Door Guus Schrijvers.
Reeds meer dan veertig jaar profileert Guus Schrijvers zich als gezondheidseconoom. Hieronder beantwoordt hij de vraag: welke personen en gebeurtenissen hebben zijn beroepskeuze en invulling van dit beroep beïnvloed? De kerstperiode is voor hem altijd een periode van reflectie. Wellicht biedt onderstaand verhaal enige verstrooiing en stimulans om ook terug te blikken op beroepskeuzes en zo.
Mijn moeder
Ik ben van 1949 en was gewenst. Op vele verjaardagen vertelde mijn moeder: Toen jij werd geboren, was de oorlog helemaal voorbij.

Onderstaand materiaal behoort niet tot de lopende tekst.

(* Let $(G,\tau)$ be a Hausdorff topological group. (i) If $(G,\tau)$ is metrizable and compact, then $(G,\mathcal{S}_\tau)$ is $b$-bounded. (ii) If $(G,\tau)$ is countably infinite and metrizable, then $(G,\mathcal{S}_\tau)$ is not $b$-bounded.
   Context: $\mathcal{S}_\tau$ is the smallest group ideal on $G$ containing every set $\{x\}\cup\{x_n:n\in\omega\}$ with $x_n\to x$ in $(G,\tau)$. A group ideal on $G$ is a family of subsets containing all finite subsets, closed under subsets and under $(A,B)\mapsto AB^{-1}$; it defines the coarse structure on $G$ with base $\{\{(x,y):x\in Ay\}:A\in\mathcal{I}\}$, and the bounded subsets of $(G,\mathcal{I})$ are exactly the members of $\mathcal{I}$. A function $f:(X,\mathcal{E})\to\mathbb{R}$ is bornologous if $f(B)$ is bounded in $\mathbb{R}$ for every bounded subset $B$ of $X$. A coarse space is $b$-bounded if every bornologous function on it is bounded. *)

theory Defs
  imports "HOL-Analysis.Analysis"
begin

text \<open>Groups are written additively (type class group_add, not necessarily
commutative); the multiplicative set A B^{-1} becomes {a - b}.\<close>

definition group_ideal :: "('a::group_add) set set \<Rightarrow> bool" where
  "group_ideal I \<longleftrightarrow>
     (\<forall>F. finite F \<longrightarrow> F \<in> I) \<and>
     (\<forall>A\<in>I. \<forall>B. B \<subseteq> A \<longrightarrow> B \<in> I) \<and>
     (\<forall>A\<in>I. \<forall>B\<in>I. {a - b | a b. a \<in> A \<and> b \<in> B} \<in> I)"

definition S_tau :: "('a::{group_add,topological_space}) set set" where
  "S_tau = \<Inter>{I. group_ideal I \<and>
       (\<forall>x (xs::nat \<Rightarrow> 'a). xs \<longlonglongrightarrow> x \<longrightarrow> insert x (range xs) \<in> I)}"

text \<open>Entourages of the coarse structure defined by a group ideal: subsets of
the base sets {(x,y). x \<in> A y} = {(x,y). x - y \<in> A}, A \<in> I.\<close>
definition ideal_entourage :: "('a::group_add) set set \<Rightarrow> ('a \<times> 'a) set \<Rightarrow> bool" where
  "ideal_entourage I E \<longleftrightarrow> (\<exists>A\<in>I. E \<subseteq> {(x,y). \<exists>a\<in>A. x = a + y})"

definition coarse_bounded :: "('a::group_add) set set \<Rightarrow> 'a set \<Rightarrow> bool" where
  "coarse_bounded I B \<longleftrightarrow> ideal_entourage I (B \<times> B)"

definition bornologous :: "('a::group_add) set set \<Rightarrow> ('a \<Rightarrow> real) \<Rightarrow> bool" where
  "bornologous I f \<longleftrightarrow> (\<forall>B. coarse_bounded I B \<longrightarrow> bounded (f ` B))"

definition b_bounded :: "('a::group_add) set set \<Rightarrow> bool" where
  "b_bounded I \<longleftrightarrow> (\<forall>f. bornologous I f \<longrightarrow> bounded (range f))"

end

theory Submission
  imports Defs
begin

text \<open>
  The members of a group ideal are exactly its coarse-bounded sets, so a function is
  bornologous for \<open>S_tau\<close> iff it is bounded on every member of \<open>S_tau\<close>.

  (i) A compact metrizable group is sequentially compact. An unbounded function blows up
  along some sequence, hence along a convergent subsequence, whose terms together with the
  limit form a member of \<open>S_tau\<close>; so the function is not bornologous.

  (ii) Every member of \<open>S_tau\<close> lies in a compact set, because the relatively compact sets form
  a group ideal containing the convergent sequences. A countable infinite Hausdorff group is
  not compact: by Baire's theorem some point, hence by homogeneity every point, would be
  isolated. So the metrizable group contains an infinite set \<open>D\<close> without limit points, which
  meets every compact set in finitely many points, and an enumeration of \<open>D\<close> extended by
  \<open>0\<close> is an unbounded bornologous function.
\<close>

lemma group_ideal_finite: "group_ideal I \<Longrightarrow> finite F \<Longrightarrow> F \<in> I"
  unfolding group_ideal_def by blast
lemma val_ge_cauchy_converges:
  fixes s :: "nat \<Rightarrow> 'a"
  assumes cauchy: "\<And>i j. i \<le> j \<Longrightarrow> val_ge (int i) (s j - s i)"
  shows "\<exists>L. \<forall>m::nat. \<exists>K. \<forall>i\<ge>K. val_ge (int m) (L - s i)"
proof -
  have "s i = s j \<or> int m \<le> v (s i - s j)" if "m \<le> i" "m \<le> j" for m i j
  proof -
    have "val_ge (int m) (s i - s j)"
    proof (cases "i \<le> j")
      case True
      then have "val_ge (int m) (s j - s i)"
        using cauchy[OF True] \<open>m \<le> i\<close> val_ge_mono[of "int i" _ "int m"] by simp
      then show ?thesis using val_ge_minus[of "int m" "s j - s i"] by simp
    next
      case False
      then show ?thesis using cauchy[of j i] \<open>m \<le> j\<close> val_ge_mono[of "int j" _ "int m"] by simp
    qed
    then show ?thesis by (simp add: val_ge_def)
  qed
  then have "\<forall>m::nat. \<exists>K. \<forall>i\<ge>K. \<forall>j\<ge>K. s i = s j \<or> int m \<le> v (s i - s j)"
    by blast
  then obtain L where "\<forall>m::nat. \<exists>K. \<forall>i\<ge>K. s i = L \<or> int m \<le> v (s i - L)"
    using val_complete by blast
  then have "\<forall>m::nat. \<exists>K. \<forall>i\<ge>K. val_ge (int m) (- (L - s i))"
    unfolding val_ge_def by simp
  then show ?thesis unfolding val_ge_minus by blast
qed

lemma hensel_root:
  assumes c: "val_ge 1 c"
  shows "\<exists>L. val_ge 0 L \<and> L^2 + L = c"
proof -
  let ?y = "hensel_seq c"
  obtain L where L: "\<forall>m::nat. \<exists>K. \<forall>i\<ge>K. val_ge (int m) (L - ?y i)"
    using val_ge_cauchy_converges[OF hensel_seq_cauchy[OF c]] by blast
  have y: "val_ge 0 (?y k)" for k
    using hensel_seq_val_ge[OF c, of k] val_ge_mono[of 1 _ 0] by simp
  obtain K0 where "\<forall>i\<ge>K0. val_ge 0 (L - ?y i)" using L[rule_format, of 0] by auto
  then have "val_ge 0 ((L - ?y K0) + ?y K0)" using y val_ge_add by blast
  then have L0: "val_ge 0 L" by simp
  have "L^2 + L - c = 0"
  proof (rule val_ge_all_imp_zero)
    fix m :: nat
    obtain K where K: "\<forall>i\<ge>K. val_ge (int m) (L - ?y i)" using L by blast
    have "L^2 + L - c = (L - ?y K) * (L + ?y K) + (L - ?y (Suc K))"
      by (simp add: power2_eq_square algebra_simps)
    moreover have "val_ge (int m) ((L - ?y K) * (L + ?y K))"
      using K L0 y val_ge_add val_ge_mult_integral_right by blast
    moreover have "val_ge (int m) (L - ?y (Suc K))"
      using K[rule_format, of "Suc K"] by (simp del: hensel_seq.simps)
    ultimately show "val_ge (int m) (L^2 + L - c)" using val_ge_add by metis
  qed
  then show ?thesis using L0 by auto
qed

lemma one_plus_four_is_square: assumes c: "val_ge 1 c" shows "\<exists>s. s^2 = 1 + 4 * c"
proof -
  obtain L where "L^2 + L = c" using hensel_root[OF c] by blast
  then have "(1 + 2 * L)^2 = 1 + 4 * c" by (auto simp: power2_eq_square algebra_simps)
  then show ?thesis by blast
qed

Niets was meer op de bon. We kregen een nieuw huis en papa werd hoofd der school. En, bij jouw geboorte was het prachtig weer. Mijn moeder was vóór haar huwelijk kokkin bij een familie in een herenhuis, nabij het Vondelpark. Zij kon met een pakje Royco (voor vier mensen) soep maken voor de tien personen van ons gezin. Gewoon vermicelli en bouillon blokjes toevoegen. Op familiefeesten spraken wij over moeders wonderbaarlijke soepvermenigvuldiging. Omgaan met schaarste, dat is economie, ik kreeg het niet met de paplepel ingegoten, wel met de soeplepel.
Mijn vader
Mijn vader was hoofd van een van de vier katholieke scholen in Amsterdam-Zuid. Hij was dag en nacht bezig met zijn vak. Kwam hij glunderend thuis: Had ie meer nieuwe leerlingen dan zijn drie concurrenten. Hij was niet alleen op zijn manier ondernemer, hij was ook idealist. Ging ie op bezoek bij ouders met een laag inkomen: Ja, uw kind is slim, hij kan meer dan de ambachtsschool, stuur hem naar de HBS. Ik geef anno 2020 nog steeds colleges over marktwerking versus overheidssturing in de zorg. Dan zeg ik dat binnen het publieke domein concurrentie en idealisme kunnen samengaan. Dan baseer ik mij op wetenschappelijke studies. Maar ook op mijn vaders gedrag.
Derde klas: eigenwijs
In de derde klas (= groep 5 nu) legt mijnheer Feijen, onze onderwijzer, een vraag voor aan de leerlingen. Is een rivier in een bocht dieper aan de buitenkant of aan de binnenkant? Ik denk: aan de buitenbocht, want daar stroomt het water sneller en neemt de rivier grond mee. De hele klas kiest voor de binnenkant. Gauw kies ik ook daarvoor. Mijnheer Feijen legt uit dat het de buitenbocht is. Ik denk: dat doe ik niet meer, mij zo maar aansluiten bij de meerderheid. Ik volg mijn eigen ideeën. Heel veel later, in 1986, schrijf ik op verzoek van hoofdredacteur Jan van Es twaalf artikelen voor Medisch Contact tegen het rapport van de Commissie Dekker. Dat pleit voor neo-liberale marktwerking in de zorg. Ik houd vol, tegen de stroom in. Af en toe denk ik aan mijnheer Feijen en zijn rivier.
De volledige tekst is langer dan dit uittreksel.